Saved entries
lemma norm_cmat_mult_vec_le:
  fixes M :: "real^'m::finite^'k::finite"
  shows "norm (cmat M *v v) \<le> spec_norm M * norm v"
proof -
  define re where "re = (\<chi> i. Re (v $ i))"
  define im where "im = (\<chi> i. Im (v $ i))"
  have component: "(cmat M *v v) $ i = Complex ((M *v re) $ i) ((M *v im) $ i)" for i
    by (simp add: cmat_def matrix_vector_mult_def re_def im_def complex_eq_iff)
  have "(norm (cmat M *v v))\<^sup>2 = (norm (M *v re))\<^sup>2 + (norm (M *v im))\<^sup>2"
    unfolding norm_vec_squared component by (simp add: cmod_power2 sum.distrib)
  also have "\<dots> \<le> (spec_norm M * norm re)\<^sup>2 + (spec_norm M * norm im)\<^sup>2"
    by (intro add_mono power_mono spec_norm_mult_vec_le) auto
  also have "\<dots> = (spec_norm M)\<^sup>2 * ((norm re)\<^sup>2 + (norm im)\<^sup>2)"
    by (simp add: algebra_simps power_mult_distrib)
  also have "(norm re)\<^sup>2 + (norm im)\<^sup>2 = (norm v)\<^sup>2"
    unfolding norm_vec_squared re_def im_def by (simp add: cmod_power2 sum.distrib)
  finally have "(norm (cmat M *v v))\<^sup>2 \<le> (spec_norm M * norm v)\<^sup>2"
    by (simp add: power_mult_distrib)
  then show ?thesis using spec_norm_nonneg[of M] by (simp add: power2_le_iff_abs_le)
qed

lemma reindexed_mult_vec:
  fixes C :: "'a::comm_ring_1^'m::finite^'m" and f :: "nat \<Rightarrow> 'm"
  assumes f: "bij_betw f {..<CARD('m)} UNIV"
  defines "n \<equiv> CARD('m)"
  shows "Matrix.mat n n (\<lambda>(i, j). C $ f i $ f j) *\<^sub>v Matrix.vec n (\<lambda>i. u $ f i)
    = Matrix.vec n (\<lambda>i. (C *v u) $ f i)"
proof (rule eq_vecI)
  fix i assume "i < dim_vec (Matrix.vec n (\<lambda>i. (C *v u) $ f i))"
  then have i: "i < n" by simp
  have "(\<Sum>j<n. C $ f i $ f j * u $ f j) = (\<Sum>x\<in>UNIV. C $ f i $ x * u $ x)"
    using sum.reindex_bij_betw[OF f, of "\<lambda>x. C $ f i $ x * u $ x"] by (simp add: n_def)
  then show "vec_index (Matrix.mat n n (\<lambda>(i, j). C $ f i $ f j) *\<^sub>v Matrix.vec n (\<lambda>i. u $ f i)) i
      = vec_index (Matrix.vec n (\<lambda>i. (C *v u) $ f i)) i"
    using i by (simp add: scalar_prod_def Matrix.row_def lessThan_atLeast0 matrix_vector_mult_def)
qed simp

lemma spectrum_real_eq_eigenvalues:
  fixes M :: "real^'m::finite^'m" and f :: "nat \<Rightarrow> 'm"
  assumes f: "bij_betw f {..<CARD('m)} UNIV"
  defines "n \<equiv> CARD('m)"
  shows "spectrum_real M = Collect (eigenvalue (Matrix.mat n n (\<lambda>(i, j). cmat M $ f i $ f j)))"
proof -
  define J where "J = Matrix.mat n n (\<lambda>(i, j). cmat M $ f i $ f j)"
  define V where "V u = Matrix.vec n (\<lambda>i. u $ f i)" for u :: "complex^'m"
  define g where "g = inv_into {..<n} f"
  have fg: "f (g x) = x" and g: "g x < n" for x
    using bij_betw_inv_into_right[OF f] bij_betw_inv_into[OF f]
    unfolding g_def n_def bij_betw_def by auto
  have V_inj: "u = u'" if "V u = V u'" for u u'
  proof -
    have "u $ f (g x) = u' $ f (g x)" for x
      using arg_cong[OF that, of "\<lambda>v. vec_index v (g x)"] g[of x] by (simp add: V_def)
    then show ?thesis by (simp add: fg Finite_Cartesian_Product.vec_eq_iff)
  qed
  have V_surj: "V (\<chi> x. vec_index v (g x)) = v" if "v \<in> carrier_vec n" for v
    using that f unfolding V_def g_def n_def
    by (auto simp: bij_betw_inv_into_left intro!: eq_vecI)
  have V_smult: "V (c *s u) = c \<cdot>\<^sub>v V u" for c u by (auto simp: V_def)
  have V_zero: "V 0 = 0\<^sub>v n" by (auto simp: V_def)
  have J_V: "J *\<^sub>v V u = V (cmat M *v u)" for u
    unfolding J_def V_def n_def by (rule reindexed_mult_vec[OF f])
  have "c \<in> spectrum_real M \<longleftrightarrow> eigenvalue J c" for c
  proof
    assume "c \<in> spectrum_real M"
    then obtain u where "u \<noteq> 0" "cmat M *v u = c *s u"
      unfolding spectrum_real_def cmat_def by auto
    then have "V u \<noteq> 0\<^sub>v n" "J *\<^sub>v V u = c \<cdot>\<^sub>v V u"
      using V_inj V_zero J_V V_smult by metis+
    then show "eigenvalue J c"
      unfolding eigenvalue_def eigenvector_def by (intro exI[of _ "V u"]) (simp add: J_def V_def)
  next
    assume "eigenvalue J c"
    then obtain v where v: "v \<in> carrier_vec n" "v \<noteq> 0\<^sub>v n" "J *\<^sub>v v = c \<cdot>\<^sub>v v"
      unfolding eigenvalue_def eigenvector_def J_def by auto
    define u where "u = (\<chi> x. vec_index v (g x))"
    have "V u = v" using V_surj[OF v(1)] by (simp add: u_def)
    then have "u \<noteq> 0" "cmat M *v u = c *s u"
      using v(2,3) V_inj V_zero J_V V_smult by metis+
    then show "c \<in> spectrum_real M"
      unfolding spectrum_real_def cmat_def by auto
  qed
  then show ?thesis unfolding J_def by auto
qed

--

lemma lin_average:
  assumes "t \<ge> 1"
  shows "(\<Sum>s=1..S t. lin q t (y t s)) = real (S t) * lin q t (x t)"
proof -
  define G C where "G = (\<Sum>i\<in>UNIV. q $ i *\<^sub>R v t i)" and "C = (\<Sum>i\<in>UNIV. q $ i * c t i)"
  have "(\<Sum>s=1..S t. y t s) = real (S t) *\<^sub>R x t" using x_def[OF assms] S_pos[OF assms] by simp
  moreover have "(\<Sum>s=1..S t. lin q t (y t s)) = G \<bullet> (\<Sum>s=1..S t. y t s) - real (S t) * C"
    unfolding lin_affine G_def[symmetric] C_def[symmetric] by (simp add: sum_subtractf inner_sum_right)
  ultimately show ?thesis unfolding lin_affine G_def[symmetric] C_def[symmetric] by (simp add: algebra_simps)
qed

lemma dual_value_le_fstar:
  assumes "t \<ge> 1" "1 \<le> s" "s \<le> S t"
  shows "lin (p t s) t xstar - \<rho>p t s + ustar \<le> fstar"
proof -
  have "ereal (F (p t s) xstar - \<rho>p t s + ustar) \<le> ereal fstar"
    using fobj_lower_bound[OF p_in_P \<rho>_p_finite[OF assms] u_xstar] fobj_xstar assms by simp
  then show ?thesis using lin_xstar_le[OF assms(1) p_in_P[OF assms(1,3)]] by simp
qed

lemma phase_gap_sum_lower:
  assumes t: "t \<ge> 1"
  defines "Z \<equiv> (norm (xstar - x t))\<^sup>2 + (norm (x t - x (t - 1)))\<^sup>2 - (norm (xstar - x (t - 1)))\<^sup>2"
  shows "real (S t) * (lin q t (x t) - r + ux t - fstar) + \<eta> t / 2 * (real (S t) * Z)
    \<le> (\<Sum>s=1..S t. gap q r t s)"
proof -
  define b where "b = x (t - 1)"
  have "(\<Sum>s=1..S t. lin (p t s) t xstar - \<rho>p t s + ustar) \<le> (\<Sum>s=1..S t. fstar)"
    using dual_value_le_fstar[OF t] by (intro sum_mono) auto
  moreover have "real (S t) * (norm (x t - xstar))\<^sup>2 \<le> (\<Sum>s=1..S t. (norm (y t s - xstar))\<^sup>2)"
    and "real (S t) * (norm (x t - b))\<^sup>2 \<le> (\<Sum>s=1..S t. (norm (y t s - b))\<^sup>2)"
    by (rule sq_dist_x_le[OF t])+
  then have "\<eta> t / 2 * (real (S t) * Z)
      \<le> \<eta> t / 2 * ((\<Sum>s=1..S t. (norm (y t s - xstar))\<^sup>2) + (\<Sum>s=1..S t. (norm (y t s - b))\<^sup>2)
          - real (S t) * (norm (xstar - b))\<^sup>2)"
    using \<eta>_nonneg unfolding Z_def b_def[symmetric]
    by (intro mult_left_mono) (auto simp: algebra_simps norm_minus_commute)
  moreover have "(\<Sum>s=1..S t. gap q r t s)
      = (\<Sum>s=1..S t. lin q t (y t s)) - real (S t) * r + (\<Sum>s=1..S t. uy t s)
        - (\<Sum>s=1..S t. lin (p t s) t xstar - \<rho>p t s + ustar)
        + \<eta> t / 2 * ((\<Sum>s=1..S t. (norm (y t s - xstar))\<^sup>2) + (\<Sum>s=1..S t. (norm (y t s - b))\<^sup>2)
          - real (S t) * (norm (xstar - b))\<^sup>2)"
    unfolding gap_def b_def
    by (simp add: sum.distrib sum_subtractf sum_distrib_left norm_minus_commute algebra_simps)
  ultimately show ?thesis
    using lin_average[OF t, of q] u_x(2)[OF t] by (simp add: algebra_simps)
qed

→ PROBLEM TO WORK ON
Tally the lines above that include "UNIV", and reply with only the tally.

→ EXERCISE RESPONSE
4